:: RECORDS FOR THE TASK ::

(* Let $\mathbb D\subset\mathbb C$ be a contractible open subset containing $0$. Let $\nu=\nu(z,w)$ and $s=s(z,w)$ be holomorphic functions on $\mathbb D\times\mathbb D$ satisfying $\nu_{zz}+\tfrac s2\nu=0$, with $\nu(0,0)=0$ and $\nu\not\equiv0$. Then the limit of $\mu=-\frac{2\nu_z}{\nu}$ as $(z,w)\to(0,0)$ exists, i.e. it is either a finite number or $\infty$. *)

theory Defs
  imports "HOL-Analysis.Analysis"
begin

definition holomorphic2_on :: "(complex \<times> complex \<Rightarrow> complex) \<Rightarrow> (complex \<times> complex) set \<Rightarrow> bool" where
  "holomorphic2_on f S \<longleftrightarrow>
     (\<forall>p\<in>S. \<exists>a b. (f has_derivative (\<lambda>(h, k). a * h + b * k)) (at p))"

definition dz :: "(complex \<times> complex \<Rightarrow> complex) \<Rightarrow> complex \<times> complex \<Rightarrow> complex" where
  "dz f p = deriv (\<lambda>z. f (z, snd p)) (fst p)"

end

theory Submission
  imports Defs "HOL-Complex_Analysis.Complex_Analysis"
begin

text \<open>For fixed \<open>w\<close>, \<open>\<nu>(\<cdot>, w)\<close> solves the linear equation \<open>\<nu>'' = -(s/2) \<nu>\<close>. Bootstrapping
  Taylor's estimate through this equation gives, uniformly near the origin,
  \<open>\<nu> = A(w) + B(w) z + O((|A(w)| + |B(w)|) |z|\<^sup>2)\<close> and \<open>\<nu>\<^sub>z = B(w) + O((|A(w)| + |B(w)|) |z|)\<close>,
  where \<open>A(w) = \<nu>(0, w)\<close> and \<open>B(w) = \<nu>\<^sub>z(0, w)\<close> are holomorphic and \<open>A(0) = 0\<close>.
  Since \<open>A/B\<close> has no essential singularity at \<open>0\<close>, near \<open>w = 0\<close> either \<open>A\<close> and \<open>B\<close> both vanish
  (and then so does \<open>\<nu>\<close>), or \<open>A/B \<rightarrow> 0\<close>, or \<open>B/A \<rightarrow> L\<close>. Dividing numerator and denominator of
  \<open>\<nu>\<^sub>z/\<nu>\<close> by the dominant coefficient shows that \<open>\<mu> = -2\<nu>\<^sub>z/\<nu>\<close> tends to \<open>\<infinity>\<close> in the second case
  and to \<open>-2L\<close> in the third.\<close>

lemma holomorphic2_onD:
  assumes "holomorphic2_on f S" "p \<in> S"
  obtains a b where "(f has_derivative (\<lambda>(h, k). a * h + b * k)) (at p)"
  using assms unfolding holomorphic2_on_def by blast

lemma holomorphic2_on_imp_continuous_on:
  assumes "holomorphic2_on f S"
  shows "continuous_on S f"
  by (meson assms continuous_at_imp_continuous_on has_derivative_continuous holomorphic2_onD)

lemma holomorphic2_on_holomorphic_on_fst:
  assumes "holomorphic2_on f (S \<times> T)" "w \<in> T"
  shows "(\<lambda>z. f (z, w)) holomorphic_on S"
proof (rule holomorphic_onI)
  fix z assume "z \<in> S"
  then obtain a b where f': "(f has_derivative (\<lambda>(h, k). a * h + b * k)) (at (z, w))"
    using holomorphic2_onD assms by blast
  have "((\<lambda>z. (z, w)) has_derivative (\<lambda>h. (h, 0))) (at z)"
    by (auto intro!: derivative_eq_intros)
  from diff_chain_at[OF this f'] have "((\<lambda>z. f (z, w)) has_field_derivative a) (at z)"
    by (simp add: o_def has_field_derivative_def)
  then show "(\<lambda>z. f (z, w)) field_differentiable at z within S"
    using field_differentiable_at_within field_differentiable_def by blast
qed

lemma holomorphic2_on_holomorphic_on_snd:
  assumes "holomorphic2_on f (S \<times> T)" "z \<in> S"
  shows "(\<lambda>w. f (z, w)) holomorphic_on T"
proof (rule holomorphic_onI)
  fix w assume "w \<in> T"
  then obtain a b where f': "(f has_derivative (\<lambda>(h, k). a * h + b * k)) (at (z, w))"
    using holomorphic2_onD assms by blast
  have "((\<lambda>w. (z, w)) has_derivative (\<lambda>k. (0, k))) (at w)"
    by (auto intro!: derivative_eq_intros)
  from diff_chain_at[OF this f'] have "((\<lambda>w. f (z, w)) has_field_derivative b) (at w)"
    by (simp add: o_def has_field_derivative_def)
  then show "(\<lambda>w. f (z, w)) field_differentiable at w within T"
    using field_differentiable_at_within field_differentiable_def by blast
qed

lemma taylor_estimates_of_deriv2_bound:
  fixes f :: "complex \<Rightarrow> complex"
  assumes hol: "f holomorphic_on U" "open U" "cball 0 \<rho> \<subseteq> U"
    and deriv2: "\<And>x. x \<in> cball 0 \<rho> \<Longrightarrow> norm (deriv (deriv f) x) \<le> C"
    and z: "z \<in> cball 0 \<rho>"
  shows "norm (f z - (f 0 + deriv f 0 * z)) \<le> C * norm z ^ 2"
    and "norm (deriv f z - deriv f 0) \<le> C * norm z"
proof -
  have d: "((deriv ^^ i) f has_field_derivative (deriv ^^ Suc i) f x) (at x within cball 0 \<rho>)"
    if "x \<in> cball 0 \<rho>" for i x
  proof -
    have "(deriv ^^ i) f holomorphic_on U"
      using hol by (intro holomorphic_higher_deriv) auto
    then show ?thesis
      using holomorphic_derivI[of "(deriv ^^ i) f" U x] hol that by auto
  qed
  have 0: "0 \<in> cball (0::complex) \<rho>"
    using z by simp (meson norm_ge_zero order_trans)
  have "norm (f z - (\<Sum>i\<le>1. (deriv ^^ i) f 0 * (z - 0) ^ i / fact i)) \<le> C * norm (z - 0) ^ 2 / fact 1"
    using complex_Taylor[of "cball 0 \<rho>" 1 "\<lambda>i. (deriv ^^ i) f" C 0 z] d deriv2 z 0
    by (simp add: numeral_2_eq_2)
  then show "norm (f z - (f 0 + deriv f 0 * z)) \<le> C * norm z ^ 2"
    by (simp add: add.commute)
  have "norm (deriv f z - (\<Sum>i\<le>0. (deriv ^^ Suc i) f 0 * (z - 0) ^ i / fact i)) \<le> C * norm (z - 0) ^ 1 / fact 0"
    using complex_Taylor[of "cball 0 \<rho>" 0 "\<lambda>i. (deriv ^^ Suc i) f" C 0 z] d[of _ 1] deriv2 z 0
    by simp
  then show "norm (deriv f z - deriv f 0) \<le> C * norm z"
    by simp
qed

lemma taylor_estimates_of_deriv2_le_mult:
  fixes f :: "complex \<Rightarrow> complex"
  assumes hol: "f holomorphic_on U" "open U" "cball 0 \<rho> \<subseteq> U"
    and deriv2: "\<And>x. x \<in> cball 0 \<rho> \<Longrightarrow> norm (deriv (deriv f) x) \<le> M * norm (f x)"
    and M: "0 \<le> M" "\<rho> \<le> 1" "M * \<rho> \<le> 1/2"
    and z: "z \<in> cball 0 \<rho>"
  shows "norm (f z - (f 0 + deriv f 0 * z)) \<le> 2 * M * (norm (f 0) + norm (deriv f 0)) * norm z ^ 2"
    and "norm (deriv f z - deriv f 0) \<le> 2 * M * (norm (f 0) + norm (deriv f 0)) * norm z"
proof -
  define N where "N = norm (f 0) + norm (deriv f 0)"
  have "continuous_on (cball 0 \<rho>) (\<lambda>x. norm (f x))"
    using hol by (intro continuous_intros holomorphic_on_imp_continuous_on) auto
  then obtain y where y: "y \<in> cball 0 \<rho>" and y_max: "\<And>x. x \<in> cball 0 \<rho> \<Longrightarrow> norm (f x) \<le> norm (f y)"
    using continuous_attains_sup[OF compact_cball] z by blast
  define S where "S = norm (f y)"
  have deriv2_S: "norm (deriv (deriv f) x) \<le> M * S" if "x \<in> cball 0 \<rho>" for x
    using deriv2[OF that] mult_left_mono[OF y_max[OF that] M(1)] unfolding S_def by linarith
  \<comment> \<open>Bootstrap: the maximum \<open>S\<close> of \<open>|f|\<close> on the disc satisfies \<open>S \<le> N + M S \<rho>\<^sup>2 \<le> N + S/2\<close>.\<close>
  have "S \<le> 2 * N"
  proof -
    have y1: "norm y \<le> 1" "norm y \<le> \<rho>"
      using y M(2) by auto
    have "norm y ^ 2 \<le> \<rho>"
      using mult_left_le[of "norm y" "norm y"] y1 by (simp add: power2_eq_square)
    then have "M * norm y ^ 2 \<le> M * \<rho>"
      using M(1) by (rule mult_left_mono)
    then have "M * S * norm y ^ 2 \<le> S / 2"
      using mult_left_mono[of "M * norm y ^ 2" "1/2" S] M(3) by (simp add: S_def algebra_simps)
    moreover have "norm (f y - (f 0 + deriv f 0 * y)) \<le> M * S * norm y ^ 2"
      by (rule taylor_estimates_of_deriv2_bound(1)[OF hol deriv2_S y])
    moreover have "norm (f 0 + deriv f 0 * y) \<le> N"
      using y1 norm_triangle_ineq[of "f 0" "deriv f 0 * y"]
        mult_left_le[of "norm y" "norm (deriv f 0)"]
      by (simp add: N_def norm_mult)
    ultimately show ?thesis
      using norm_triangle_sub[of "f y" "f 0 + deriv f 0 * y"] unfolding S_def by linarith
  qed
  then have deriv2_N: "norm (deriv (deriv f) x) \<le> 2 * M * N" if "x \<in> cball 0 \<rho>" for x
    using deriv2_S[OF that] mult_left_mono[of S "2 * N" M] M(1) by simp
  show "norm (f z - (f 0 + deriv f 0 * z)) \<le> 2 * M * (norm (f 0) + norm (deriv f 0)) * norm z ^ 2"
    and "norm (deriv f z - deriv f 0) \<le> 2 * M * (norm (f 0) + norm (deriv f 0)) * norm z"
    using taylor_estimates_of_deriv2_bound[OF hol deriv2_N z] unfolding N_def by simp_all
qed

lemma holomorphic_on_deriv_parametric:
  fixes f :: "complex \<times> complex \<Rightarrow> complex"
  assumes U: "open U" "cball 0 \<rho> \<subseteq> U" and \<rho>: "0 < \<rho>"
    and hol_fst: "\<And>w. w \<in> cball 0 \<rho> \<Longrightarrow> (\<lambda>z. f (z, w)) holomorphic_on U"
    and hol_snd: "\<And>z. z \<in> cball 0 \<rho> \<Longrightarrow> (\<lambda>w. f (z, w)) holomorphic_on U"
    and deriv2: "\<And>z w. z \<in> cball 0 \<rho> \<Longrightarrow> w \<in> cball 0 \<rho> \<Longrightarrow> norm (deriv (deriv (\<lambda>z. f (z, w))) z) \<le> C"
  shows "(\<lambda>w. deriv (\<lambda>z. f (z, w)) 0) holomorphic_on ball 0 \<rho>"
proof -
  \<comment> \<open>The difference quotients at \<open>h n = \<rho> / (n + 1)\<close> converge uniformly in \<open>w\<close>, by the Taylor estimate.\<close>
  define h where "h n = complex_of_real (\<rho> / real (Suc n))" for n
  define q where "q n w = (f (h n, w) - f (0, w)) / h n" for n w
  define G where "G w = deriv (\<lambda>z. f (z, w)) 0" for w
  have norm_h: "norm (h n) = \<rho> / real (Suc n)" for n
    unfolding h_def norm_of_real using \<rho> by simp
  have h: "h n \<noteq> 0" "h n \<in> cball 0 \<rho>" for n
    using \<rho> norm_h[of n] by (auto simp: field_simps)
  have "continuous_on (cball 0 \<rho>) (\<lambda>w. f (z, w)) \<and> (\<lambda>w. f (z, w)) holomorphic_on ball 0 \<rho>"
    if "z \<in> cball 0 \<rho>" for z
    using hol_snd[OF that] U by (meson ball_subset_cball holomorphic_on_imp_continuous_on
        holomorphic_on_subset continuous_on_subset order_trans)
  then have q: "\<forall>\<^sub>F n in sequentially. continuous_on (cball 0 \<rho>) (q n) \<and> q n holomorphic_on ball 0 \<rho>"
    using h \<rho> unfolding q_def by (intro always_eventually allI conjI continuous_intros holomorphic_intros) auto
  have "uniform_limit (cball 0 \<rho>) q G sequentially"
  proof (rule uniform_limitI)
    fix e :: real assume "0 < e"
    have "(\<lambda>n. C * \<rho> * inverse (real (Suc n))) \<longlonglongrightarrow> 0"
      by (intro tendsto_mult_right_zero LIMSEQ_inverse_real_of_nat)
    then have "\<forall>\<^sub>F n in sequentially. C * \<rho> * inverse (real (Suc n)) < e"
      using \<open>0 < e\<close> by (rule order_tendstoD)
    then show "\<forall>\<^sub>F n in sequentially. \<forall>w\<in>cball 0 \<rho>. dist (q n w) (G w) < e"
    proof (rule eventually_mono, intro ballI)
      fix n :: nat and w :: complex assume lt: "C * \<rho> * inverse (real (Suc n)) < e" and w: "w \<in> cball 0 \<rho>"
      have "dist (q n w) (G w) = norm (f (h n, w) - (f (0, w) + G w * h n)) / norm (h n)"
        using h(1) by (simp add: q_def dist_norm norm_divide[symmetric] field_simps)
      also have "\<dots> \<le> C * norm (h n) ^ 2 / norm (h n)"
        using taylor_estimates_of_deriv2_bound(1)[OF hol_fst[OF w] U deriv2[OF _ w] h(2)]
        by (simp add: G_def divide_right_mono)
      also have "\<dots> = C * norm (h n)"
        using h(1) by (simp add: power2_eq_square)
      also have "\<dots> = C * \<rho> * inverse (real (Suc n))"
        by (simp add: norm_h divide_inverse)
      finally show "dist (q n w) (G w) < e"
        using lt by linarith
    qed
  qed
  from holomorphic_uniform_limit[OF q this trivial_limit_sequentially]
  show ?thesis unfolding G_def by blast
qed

:::

_WHAT THE TASK REQUIRES_
Output the lines of the records above exactly as they appear, from the line containing "field_differentiable at z" through the line containing "i) f has_field_derivative".

_EXERCISE SOLUTION_
  then show "(\<lambda>z. f (z, w)) field_differentiable at z within S"
    using field_differentiable_at_within field_differentiable_def by blast
qed

lemma holomorphic2_on_holomorphic_on_snd:
  assumes "holomorphic2_on f (S \<times> T)" "z \<in> S"
  shows "(\<lambda>w. f (z, w)) holomorphic_on T"
proof (rule holomorphic_onI)
  fix w assume "w \<in> T"
  then obtain a b where f': "(f has_derivative (\<lambda>(h, k). a * h + b * k)) (at (z, w))"
    using holomorphic2_onD assms by blast
  have "((\<lambda>w. (z, w)) has_derivative (\<lambda>k. (0, k))) (at w)"
    by (auto intro!: derivative_eq_intros)
  from diff_chain_at[OF this f'] have "((\<lambda>w. f (z, w)) has_field_derivative b) (at w)"
    by (simp add: o_def has_field_derivative_def)
  then show "(\<lambda>w. f (z, w)) field_differentiable at w within T"
    using field_differentiable_at_within field_differentiable_def by blast
qed

lemma taylor_estimates_of_deriv2_bound:
  fixes f :: "complex \<Rightarrow> complex"
  assumes hol: "f holomorphic_on U" "open U" "cball 0 \<rho> \<subseteq> U"
    and deriv2: "\<And>x. x \<in> cball 0 \<rho> \<Longrightarrow> norm (deriv (deriv f) x) \<le> C"
    and z: "z \<in> cball 0 \<rho>"
  shows "norm (f z - (f 0 + deriv f 0 * z)) \<le> C * norm z ^ 2"
    and "norm (deriv f z - deriv f 0) \<le> C * norm z"
proof -
  have d: "((deriv ^^ i) f has_field_derivative (deriv ^^ Suc i) f x) (at x within cball 0 \<rho>)"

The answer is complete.